section \<open>Overrings\<close>

lemma star_f_smult_eq_iff:
  assumes T: "subring T" and st': "semistar T st'" and I: "I \<subseteq> T" "x \<in> I" "x \<noteq> 0"
  shows "star_f T st' (smult I T) = st' T \<longleftrightarrow> (\<forall>Q\<in>Mf T st'. \<not> I \<subseteq> Q)"
proof -
  have IT: "ideal_of T (smult I T)" using ideal_smult[OF T I(1)] .
  have I_IT: "I \<subseteq> smult I T" using subset_smult[OF subring_one[OF T]] .
  have "1 \<in> star_f T st' (smult I T) \<longleftrightarrow> (\<forall>Q\<in>Mf T st'. \<not> I \<subseteq> Q)"
  proof
    assume one: "1 \<in> star_f T st' (smult I T)"
    show "\<forall>Q\<in>Mf T st'. \<not> I \<subseteq> Q"
    proof (intro ballI notI)
      fix Q assume Q: "Q \<in> Mf T st'" "I \<subseteq> Q"
      then have "smult I T \<subseteq> Q" using smult_subset_ideal[OF MfD(3)[OF Q(1)]] by blast
      then show False using Mf_one_notin_star_f[OF T Q(1)] one by blast
    qed
  next
    assume avoid: "\<forall>Q\<in>Mf T st'. \<not> I \<subseteq> Q"
    show "1 \<in> star_f T st' (smult I T)"
    proof (rule ccontr)
      assume "1 \<notin> star_f T st' (smult I T)"
      moreover have "smult I T \<noteq> {0}" using I I_IT by blast
      ultimately obtain Q where "Q \<in> Mf T st'" "smult I T \<subseteq> Q"
        using Mf_supersetE[OF T st' IT] by blast
      then show False using avoid I_IT by blast
    qed
  qed
  then show ?thesis using star_f_eq_iff_one_mem[OF T st' ideal_ofD(1)[OF IT]] by simp
qed

definition contained_in_localizations :: "'k::field set \<Rightarrow> 'k set \<Rightarrow> ('k set \<Rightarrow> 'k set) \<Rightarrow> bool" where
  "contained_in_localizations D T st' \<longleftrightarrow> (\<forall>Q\<in>Mf T st'. T \<subseteq> loc D (D - (Q \<inter> D)))"

locale semistar_overring =
  fixes D T :: "'k::field set" and st st' :: "'k set \<Rightarrow> 'k set"
  assumes domain: "domain_with_qf D" and overring: "overring D T"
    and semistar_D: "semistar D st" and semistar_T: "semistar T st'"
begin

lemma subring_D: "subring D"
  using domain by (simp add: domain_with_qf_def)

lemma subring_T: "subring T"
  using overring by (simp add: overring_def)

lemma D_subset_T: "D \<subseteq> T"
  using overring by (simp add: overring_def)

lemma fractionE:
  obtains a b where "a \<in> D" "b \<in> D" "b \<noteq> 0" "z = a / b"
  using domain unfolding domain_with_qf_def by blast

lemma contraction_nonzero:
  assumes Q: "ideal_of T Q" "Q \<noteq> {0}" shows "Q \<inter> D \<noteq> {0}"
proof -
  obtain q where q: "q \<in> Q" "q \<noteq> 0" using Q submod_zero[OF ideal_ofD(2)] by blast
  obtain a b where ab: "a \<in> D" "b \<in> D" "b \<noteq> 0" "q = a / b" by (rule fractionE)
  have "b * q \<in> Q" using submod_scale[OF ideal_ofD(2)[OF Q(1)]] ab(2) D_subset_T q(1) by blast
  moreover have "b * q = a" "a \<noteq> 0" using ab q(2) by auto
  ultimately show ?thesis using ab(1) by blast
qed

lemma prime_contraction:
  assumes Q: "prime_ideal_of T Q" shows "prime_ideal_of D (Q \<inter> D)"
proof -
  have "ideal_of D (Q \<inter> D)"
    using Q submod_Int[OF submod_subset_ring[OF ideal_ofD(2) D_subset_T] subring_submod[OF subring_D]]
    by (auto simp: ideal_of_def prime_ideal_of_def)
  moreover have "Q \<inter> D \<noteq> D" using one_notin_prime_ideal[OF Q] subring_one[OF subring_D] by blast
  ultimately show ?thesis using Q D_subset_T unfolding prime_ideal_of_def by blast
qed

lemma ideal_colon: "ideal_of D {d \<in> D. d * x \<in> D}"
  unfolding ideal_of_def submod_def
  using subring_zero[OF subring_D] subring_add[OF subring_D] subring_mult[OF subring_D]
  by (auto simp: distrib_right mult.assoc)

lemma colon_nonzeroE:
  obtains b where "b \<in> {d \<in> D. d * x \<in> D}" "b \<noteq> 0"
proof -
  obtain a b where ab: "a \<in> D" "b \<in> D" "b \<noteq> 0" "x = a / b" by (rule fractionE)
  then have "b \<in> {d \<in> D. d * x \<in> D}" by simp
  then show thesis using that ab(3) by blast
qed

lemma Mf_contractionE:
  assumes L: "linked D T st st'" and Q: "Q \<in> Mf T st'"
  obtains M where "M \<in> Mf D st" "Q \<inter> D \<subseteq> M"
proof -
  have "1 \<notin> star_f D st (Q \<inter> D)"
  proof
    assume "1 \<in> star_f D st (Q \<inter> D)"
    then obtain F where F: "F \<in> ffg D" "F \<subseteq> Q \<inter> D" "1 \<in> st F" by (rule star_f_memE)
    have "st F = st D" using semistar_eq_if_one_mem[OF subring_D semistar_D ffg_Fbar[OF F(1)]] F by blast
    then have "st' (smult F T) = st' T" using L F unfolding linked_def by blast
    then have "1 \<in> st' (smult F T)"
      using semistar_extensive[OF semistar_T subring_Fbar[OF subring_T]] subring_one[OF subring_T] by blast
    moreover have "smult F T \<subseteq> Q" using smult_subset_ideal[OF MfD(3)[OF Q]] F(2) by blast
    ultimately have "1 \<in> star_f T st' Q"
      using semistar_subset_star_f[OF smult_ffg[OF subring_D subring_T D_subset_T F(1)]] by blast
    then show False using Mf_one_notin_star_f[OF subring_T Q] by blast
  qed
  moreover have "ideal_of D (Q \<inter> D)" "Q \<inter> D \<noteq> {0}"
    using prime_contraction[OF Mf_prime[OF subring_T semistar_T Q]] contraction_nonzero MfD(3,4)[OF Q]
    by (auto simp: prime_ideal_of_def)
  ultimately show thesis using Mf_supersetE[OF subring_D semistar_D] that by blast
qed

lemma extension_eq_iff:
  assumes I: "ideal_of D I" "I \<noteq> {0}"
  shows "star_f T st' (smult I T) = st' T \<longleftrightarrow> (\<forall>Q\<in>Mf T st'. \<not> I \<subseteq> Q)"
proof -
  obtain x where "x \<in> I" "x \<noteq> 0" using I by (rule ideal_nonzeroE)
  moreover have "I \<subseteq> T" using ideal_ofD(1)[OF I(1)] D_subset_T by blast
  ultimately show ?thesis by (intro star_f_smult_eq_iff[OF subring_T semistar_T])
qed

lemma mem_loc_contraction_iff_colon:
  assumes Q: "Q \<in> Mf T st'"
  shows "x \<in> loc D (D - (Q \<inter> D)) \<longleftrightarrow> \<not> {d \<in> D. d * x \<in> D} \<subseteq> Q"
proof -
  have "0 \<in> Q \<inter> D" using submod_zero[OF ideal_ofD(2)[OF MfD(3)[OF Q]]] subring_zero[OF subring_D] by blast
  then show ?thesis using loc_mem_iff_colon[where P="Q \<inter> D" and D=D and x=x] by blast
qed

lemma star_flat_iff:
  "star_flat D T st st' \<longleftrightarrow> linked D T st st' \<and> contained_in_localizations D T st'"
proof
  assume flat: "star_flat D T st st'"
  have "T \<subseteq> loc D (D - (Q \<inter> D))" if Q: "Q \<in> Mf T st'" for Q
  proof -
    have "loc D (D - (Q \<inter> D)) = loc T (T - Q)"
      using flat Mf_quasi_prime[OF subring_T semistar_T Q] unfolding star_flat_def by blast
    moreover have "1 \<in> T - Q"
      using subring_one[OF subring_T] one_notin_prime_ideal[OF Mf_prime[OF subring_T semistar_T Q]] by blast
    ultimately show ?thesis using subset_loc[of "T - Q" T] by simp
  qed
  then show "linked D T st st' \<and> contained_in_localizations D T st'"
    using flat by (simp add: star_flat_def contained_in_localizations_def)
next
  assume "linked D T st st' \<and> contained_in_localizations D T st'"
  then have L: "linked D T st st'" and C: "contained_in_localizations D T st'" by auto
  show "star_flat D T st st'"
    unfolding star_flat_def
  proof (intro conjI allI impI)
    show "linked D T st st'" using L .
    fix Q assume "quasi_prime T (star_f T st') Q"
    then have Qq: "quasi_ideal T (star_f T st') Q" and Qp: "prime_ideal_of T Q"
      by (auto simp: quasi_prime_def)
    have "1 \<notin> star_f T st' Q"
      using one_notin_star_f_if_quasi_ideal[OF subring_T Qq] Qp by (auto simp: prime_ideal_of_def)
    then obtain Q' where Q': "Q' \<in> Mf T st'" "Q \<subseteq> Q'"
      using Mf_supersetE[OF subring_T semistar_T] Qq unfolding quasi_ideal_def by blast
    have "T \<subseteq> loc D (D - (Q' \<inter> D))" using C Q'(1) by (simp add: contained_in_localizations_def)
    also have "\<dots> \<subseteq> loc D (D - (Q \<inter> D))" using Q'(2) by (intro loc_mono) blast
    finally show "loc D (D - (Q \<inter> D)) = loc T (T - Q)"
      by (rule loc_contraction_eq[OF subring_D D_subset_T Qp])
  qed
qed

» Work instruction
Going through the records, work out how many lines contain the word "ultimately". Please answer with the number only.

» Result of this exercise
7